[Saved entries]
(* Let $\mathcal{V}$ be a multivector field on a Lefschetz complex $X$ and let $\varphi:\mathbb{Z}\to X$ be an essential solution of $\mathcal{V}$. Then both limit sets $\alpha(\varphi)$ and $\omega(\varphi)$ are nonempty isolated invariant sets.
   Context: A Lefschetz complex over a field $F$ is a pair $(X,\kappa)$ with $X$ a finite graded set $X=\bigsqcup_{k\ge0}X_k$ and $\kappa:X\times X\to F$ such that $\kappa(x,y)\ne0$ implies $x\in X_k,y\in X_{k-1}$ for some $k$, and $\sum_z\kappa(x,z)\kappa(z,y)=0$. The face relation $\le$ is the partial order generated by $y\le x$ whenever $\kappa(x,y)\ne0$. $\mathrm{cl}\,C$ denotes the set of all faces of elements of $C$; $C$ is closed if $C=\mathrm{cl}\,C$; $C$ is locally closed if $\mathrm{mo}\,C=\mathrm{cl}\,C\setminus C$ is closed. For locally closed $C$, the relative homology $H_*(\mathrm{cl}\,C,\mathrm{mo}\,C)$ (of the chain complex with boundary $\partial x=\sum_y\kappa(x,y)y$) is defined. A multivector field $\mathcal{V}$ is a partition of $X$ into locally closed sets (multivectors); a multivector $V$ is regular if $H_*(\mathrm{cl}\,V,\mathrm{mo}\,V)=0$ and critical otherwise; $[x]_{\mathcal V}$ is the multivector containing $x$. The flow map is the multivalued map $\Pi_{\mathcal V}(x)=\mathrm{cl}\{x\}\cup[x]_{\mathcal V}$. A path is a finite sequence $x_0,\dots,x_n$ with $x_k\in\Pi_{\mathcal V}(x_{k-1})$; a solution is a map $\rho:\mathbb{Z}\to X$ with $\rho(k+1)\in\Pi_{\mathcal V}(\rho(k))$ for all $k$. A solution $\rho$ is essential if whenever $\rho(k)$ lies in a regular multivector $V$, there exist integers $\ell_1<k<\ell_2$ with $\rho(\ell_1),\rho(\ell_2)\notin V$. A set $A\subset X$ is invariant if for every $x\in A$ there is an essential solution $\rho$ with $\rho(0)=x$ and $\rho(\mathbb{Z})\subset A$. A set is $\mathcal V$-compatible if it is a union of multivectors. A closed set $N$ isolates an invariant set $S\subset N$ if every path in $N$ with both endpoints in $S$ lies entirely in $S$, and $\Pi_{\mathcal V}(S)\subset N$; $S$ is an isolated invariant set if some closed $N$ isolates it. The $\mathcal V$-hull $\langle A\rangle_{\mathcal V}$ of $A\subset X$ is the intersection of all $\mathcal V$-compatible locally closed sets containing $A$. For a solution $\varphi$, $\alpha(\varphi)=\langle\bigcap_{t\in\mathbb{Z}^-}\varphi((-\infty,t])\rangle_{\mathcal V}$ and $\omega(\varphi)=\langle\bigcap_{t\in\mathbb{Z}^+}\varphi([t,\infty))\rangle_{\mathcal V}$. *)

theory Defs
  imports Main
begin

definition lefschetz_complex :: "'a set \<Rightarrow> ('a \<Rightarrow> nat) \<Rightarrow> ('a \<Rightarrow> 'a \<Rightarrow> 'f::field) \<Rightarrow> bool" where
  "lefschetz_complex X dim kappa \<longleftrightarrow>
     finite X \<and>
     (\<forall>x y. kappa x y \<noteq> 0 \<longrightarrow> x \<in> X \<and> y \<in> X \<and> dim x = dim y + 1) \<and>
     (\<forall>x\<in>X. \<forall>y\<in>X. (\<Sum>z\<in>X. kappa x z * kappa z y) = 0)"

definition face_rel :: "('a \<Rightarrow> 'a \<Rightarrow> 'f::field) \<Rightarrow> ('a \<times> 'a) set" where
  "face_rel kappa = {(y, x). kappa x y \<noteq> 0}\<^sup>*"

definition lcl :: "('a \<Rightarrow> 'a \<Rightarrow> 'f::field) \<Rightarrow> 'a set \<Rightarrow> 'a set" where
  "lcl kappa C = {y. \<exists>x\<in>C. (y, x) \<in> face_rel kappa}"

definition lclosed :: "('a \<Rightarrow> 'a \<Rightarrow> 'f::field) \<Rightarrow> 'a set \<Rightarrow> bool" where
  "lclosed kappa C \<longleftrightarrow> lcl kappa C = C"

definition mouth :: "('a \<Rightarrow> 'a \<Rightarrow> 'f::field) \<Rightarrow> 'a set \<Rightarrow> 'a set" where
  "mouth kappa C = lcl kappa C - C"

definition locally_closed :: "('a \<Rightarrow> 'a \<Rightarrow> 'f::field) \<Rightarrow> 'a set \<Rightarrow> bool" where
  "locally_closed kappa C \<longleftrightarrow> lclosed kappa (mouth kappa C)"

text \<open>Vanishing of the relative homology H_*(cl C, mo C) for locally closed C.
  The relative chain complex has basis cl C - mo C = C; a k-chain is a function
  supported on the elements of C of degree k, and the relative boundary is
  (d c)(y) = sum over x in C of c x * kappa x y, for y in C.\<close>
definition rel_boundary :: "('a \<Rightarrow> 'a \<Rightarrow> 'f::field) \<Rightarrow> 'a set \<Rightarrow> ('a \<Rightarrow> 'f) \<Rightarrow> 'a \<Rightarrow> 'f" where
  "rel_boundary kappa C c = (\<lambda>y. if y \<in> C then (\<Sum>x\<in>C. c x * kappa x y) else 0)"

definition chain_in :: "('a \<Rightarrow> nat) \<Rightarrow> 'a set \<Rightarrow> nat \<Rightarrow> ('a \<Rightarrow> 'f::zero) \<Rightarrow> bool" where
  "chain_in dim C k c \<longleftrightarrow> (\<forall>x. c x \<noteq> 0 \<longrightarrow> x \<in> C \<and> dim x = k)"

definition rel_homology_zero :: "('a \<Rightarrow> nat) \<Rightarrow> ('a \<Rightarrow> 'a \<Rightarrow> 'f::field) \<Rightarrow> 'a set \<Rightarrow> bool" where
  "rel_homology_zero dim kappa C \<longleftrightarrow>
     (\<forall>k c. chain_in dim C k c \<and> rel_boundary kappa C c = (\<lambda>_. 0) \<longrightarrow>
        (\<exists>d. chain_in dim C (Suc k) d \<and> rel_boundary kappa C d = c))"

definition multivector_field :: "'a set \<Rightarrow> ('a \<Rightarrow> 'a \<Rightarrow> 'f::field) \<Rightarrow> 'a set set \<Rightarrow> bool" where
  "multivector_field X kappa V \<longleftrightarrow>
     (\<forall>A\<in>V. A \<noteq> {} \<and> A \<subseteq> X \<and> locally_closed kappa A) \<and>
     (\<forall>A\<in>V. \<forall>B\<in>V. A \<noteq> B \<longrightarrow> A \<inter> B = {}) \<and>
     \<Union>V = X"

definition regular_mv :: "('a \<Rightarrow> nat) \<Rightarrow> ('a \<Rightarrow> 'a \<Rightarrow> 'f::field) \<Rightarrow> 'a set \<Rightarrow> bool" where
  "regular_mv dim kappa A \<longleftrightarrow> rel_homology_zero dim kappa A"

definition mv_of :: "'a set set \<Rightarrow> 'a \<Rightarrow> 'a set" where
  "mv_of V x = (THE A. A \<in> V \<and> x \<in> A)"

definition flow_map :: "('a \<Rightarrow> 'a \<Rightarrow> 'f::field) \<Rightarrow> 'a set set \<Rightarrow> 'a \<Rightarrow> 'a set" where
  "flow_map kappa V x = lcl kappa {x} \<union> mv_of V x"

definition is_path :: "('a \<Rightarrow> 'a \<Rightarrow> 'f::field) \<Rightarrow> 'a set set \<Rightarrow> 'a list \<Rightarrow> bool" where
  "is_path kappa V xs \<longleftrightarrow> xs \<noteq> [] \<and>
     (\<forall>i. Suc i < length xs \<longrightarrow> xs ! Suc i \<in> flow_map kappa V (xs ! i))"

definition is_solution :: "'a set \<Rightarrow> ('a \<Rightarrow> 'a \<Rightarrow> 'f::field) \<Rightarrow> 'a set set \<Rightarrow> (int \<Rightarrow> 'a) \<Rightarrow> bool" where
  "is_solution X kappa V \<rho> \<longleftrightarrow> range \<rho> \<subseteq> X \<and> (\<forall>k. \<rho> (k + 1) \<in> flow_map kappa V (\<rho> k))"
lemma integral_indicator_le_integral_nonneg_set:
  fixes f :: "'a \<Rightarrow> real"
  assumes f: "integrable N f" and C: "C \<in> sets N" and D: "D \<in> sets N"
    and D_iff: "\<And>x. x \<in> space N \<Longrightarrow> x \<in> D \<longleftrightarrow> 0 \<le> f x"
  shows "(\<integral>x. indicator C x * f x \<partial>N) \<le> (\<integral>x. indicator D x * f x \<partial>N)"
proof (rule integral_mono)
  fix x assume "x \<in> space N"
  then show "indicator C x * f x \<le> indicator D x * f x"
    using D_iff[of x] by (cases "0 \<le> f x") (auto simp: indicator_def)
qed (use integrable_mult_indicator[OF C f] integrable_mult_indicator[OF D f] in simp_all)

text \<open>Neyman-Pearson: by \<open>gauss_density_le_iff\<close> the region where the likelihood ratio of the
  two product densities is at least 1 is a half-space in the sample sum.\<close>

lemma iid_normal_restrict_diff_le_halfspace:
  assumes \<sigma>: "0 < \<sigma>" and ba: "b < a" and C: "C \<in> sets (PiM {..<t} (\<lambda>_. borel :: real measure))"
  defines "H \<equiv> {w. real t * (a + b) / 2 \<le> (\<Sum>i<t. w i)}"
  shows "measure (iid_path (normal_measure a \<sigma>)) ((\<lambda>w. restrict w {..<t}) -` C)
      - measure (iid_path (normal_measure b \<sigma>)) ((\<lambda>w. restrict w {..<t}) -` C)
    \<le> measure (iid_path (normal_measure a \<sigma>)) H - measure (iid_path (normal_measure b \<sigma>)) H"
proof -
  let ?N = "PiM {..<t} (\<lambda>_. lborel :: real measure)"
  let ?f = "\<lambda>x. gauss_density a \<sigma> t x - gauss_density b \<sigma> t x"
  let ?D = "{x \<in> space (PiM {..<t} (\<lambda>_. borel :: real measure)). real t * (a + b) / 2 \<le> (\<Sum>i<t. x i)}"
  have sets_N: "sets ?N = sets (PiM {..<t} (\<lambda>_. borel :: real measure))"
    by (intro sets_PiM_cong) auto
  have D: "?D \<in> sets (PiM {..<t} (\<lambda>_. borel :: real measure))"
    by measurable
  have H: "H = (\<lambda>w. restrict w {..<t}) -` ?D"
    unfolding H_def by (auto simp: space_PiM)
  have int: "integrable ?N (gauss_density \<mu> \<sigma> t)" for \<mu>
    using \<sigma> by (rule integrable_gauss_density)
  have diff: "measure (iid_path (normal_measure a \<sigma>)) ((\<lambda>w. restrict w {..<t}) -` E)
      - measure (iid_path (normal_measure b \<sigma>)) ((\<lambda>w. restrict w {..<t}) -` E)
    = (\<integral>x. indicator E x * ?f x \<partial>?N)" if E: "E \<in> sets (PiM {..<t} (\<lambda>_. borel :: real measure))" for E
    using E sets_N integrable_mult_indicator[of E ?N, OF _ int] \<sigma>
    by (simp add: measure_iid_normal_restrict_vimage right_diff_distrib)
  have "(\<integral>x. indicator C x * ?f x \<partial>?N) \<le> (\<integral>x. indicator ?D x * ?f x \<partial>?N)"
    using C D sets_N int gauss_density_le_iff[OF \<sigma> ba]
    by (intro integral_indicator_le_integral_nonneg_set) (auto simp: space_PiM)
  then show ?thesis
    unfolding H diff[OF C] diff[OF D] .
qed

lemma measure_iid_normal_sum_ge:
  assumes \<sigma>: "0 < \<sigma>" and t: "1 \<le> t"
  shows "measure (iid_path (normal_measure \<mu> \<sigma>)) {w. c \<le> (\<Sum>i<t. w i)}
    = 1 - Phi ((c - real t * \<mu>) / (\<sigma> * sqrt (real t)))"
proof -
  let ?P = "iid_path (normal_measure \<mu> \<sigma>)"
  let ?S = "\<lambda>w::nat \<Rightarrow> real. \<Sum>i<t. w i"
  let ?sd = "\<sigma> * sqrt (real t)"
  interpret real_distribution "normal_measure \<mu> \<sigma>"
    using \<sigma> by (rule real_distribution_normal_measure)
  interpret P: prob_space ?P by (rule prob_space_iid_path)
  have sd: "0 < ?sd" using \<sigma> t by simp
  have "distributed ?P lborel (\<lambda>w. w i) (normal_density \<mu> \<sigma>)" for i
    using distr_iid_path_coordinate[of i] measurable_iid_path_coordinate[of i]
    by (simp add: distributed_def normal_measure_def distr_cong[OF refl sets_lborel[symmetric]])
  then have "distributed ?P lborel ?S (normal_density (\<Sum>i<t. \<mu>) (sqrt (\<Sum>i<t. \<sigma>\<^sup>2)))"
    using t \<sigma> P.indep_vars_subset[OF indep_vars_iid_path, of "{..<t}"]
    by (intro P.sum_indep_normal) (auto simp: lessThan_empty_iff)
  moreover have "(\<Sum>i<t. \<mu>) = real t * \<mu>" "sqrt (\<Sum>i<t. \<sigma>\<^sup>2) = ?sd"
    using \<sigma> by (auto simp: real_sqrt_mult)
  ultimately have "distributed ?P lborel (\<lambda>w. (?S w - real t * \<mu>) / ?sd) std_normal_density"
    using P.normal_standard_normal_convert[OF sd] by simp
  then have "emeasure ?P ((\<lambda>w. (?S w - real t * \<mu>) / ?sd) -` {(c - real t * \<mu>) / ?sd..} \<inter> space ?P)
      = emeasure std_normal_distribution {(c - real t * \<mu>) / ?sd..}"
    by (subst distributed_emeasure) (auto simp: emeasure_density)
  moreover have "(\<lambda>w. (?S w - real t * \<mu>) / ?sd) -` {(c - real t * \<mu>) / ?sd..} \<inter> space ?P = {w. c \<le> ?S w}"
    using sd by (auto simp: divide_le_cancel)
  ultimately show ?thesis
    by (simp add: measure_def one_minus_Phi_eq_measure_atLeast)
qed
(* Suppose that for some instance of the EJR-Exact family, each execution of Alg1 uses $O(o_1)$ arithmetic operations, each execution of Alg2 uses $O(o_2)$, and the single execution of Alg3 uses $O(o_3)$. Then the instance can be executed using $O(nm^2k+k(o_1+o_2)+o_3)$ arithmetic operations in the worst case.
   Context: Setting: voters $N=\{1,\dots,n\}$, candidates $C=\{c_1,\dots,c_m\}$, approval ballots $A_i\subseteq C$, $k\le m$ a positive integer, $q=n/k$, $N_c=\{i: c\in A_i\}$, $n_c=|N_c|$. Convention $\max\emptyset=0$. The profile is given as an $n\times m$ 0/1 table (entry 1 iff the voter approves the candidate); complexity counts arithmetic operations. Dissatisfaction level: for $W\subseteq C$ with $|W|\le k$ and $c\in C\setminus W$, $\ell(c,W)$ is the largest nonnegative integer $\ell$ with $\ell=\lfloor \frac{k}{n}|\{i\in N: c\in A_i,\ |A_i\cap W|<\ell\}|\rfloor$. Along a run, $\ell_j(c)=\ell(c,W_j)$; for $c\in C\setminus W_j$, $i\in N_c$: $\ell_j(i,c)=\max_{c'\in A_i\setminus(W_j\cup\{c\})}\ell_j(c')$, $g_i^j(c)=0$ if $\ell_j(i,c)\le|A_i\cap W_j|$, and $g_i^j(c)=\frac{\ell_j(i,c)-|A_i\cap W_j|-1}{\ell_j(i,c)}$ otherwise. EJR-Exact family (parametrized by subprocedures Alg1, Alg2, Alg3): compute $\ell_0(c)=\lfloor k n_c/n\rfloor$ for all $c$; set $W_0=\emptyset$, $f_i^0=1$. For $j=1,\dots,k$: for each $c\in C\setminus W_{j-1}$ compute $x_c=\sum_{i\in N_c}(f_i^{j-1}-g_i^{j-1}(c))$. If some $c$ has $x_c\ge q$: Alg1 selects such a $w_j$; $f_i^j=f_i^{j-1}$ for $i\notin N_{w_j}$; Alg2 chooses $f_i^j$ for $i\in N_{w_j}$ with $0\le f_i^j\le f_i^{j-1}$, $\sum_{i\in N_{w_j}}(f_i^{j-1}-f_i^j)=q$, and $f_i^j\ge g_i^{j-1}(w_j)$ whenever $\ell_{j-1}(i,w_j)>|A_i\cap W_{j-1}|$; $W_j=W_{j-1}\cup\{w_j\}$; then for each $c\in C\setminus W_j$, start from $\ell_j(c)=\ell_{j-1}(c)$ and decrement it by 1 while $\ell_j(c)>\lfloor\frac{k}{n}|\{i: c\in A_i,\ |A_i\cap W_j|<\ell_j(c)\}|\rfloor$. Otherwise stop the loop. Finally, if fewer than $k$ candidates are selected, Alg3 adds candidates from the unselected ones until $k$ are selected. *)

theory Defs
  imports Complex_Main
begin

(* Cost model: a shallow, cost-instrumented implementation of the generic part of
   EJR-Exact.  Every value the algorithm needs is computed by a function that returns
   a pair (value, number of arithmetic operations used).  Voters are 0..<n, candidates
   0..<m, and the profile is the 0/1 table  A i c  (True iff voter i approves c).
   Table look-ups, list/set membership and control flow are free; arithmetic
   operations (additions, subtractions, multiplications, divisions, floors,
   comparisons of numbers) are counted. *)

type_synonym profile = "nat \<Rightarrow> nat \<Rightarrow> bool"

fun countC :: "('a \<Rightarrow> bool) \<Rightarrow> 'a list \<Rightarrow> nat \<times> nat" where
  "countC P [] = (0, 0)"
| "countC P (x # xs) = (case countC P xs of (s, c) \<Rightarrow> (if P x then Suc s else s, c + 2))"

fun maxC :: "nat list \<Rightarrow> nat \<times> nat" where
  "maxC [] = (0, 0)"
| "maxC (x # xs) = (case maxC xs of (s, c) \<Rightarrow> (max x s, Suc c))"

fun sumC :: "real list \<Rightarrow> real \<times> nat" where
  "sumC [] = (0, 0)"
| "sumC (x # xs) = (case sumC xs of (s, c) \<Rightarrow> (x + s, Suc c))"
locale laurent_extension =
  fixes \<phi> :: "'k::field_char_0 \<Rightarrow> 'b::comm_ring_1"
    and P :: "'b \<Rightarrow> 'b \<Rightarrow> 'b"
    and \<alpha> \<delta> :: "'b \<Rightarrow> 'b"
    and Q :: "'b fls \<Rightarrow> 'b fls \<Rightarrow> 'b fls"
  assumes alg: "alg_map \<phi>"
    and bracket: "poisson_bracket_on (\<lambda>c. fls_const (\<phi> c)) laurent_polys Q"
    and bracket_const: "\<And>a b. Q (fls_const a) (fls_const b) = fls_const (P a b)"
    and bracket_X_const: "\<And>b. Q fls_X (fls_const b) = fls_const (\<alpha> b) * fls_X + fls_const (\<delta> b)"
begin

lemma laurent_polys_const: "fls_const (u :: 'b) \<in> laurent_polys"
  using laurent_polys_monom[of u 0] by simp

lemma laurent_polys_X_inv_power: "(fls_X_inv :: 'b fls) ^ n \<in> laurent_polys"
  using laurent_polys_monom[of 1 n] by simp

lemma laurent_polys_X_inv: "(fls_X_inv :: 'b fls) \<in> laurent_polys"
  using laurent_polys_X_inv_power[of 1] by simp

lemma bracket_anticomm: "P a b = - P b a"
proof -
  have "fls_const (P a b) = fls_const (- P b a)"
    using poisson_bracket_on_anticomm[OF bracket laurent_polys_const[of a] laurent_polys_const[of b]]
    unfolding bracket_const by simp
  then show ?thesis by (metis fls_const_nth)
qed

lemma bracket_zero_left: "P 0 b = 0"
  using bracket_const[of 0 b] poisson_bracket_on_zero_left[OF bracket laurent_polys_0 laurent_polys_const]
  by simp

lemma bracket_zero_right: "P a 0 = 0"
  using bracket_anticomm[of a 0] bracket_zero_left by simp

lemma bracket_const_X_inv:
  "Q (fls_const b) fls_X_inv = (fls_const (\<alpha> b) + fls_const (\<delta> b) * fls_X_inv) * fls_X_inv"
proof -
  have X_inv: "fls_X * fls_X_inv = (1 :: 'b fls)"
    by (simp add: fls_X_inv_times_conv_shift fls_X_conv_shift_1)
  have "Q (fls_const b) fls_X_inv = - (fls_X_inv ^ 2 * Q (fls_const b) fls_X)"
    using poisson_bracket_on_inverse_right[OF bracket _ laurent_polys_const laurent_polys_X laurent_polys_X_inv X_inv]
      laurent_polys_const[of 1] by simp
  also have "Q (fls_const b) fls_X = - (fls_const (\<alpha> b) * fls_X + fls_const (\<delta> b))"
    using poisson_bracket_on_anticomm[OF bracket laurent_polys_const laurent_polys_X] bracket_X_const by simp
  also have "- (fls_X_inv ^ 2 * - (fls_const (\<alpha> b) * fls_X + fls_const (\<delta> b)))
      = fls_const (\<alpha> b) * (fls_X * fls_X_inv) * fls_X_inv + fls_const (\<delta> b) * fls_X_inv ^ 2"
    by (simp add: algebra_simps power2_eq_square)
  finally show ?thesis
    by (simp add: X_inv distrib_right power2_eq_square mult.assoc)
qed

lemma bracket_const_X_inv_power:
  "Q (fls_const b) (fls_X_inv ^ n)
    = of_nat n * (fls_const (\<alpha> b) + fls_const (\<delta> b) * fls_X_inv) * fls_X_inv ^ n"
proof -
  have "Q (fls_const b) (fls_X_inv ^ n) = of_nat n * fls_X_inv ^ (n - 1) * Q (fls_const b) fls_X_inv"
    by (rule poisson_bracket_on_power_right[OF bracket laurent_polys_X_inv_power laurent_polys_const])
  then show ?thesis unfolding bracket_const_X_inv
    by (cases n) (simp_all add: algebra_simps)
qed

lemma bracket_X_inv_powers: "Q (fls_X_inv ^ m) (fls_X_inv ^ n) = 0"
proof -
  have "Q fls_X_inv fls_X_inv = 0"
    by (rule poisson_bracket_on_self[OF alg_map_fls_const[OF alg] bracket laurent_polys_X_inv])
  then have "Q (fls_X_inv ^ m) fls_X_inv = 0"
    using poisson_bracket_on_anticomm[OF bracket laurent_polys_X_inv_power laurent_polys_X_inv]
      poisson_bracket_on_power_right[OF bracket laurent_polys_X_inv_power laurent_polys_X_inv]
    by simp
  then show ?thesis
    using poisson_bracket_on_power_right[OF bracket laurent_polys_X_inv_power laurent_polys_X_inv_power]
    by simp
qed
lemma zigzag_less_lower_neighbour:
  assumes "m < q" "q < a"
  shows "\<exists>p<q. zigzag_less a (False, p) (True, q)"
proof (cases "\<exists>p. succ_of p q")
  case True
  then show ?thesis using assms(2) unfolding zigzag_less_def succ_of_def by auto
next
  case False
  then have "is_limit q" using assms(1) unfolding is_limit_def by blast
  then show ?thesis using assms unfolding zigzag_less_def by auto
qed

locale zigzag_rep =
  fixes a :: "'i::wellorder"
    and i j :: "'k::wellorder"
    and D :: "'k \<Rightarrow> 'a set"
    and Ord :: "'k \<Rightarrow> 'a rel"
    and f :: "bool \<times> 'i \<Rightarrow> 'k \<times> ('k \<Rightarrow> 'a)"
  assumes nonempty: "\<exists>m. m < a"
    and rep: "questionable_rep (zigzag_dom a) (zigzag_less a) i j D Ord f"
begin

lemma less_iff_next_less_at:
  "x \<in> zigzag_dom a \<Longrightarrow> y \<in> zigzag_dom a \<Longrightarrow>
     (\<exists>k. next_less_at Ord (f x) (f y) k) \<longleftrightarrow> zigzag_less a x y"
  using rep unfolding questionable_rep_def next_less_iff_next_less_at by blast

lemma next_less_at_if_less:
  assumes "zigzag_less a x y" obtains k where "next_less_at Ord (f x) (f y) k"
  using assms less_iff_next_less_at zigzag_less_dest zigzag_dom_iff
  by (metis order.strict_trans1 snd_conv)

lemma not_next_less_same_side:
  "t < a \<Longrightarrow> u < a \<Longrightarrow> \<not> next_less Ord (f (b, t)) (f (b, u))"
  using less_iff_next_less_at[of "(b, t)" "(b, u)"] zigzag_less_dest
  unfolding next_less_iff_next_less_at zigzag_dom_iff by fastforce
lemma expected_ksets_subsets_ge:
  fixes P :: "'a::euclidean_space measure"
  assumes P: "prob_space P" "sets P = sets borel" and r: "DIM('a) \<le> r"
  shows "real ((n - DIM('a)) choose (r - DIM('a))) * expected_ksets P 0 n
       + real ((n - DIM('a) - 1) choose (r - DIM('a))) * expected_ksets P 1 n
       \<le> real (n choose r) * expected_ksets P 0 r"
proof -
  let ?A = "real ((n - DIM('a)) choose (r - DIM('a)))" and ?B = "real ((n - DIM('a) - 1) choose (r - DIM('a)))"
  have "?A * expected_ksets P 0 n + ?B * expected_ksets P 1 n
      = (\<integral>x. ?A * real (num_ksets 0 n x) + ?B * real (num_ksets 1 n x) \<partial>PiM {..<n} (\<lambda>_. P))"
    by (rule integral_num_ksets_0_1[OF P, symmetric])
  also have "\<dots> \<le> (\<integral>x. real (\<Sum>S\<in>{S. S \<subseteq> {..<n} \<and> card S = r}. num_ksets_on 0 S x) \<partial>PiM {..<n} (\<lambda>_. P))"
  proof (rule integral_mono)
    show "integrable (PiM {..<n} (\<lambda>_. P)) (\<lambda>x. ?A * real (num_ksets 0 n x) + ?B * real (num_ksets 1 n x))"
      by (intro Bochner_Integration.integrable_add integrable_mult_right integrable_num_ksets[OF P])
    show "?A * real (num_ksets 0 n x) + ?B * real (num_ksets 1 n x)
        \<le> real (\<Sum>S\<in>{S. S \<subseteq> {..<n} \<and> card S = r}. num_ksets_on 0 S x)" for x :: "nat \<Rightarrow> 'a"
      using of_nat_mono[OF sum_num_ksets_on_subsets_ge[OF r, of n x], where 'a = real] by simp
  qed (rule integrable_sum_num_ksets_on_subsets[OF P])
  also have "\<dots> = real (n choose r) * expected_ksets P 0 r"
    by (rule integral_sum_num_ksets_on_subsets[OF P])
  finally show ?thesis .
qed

The problem: Please filter the entries above down to the lines holding "metis" and copy them.

Answer to the problem:
  then show ?thesis by (metis fls_const_nth)
  by (metis order.strict_trans1 snd_conv)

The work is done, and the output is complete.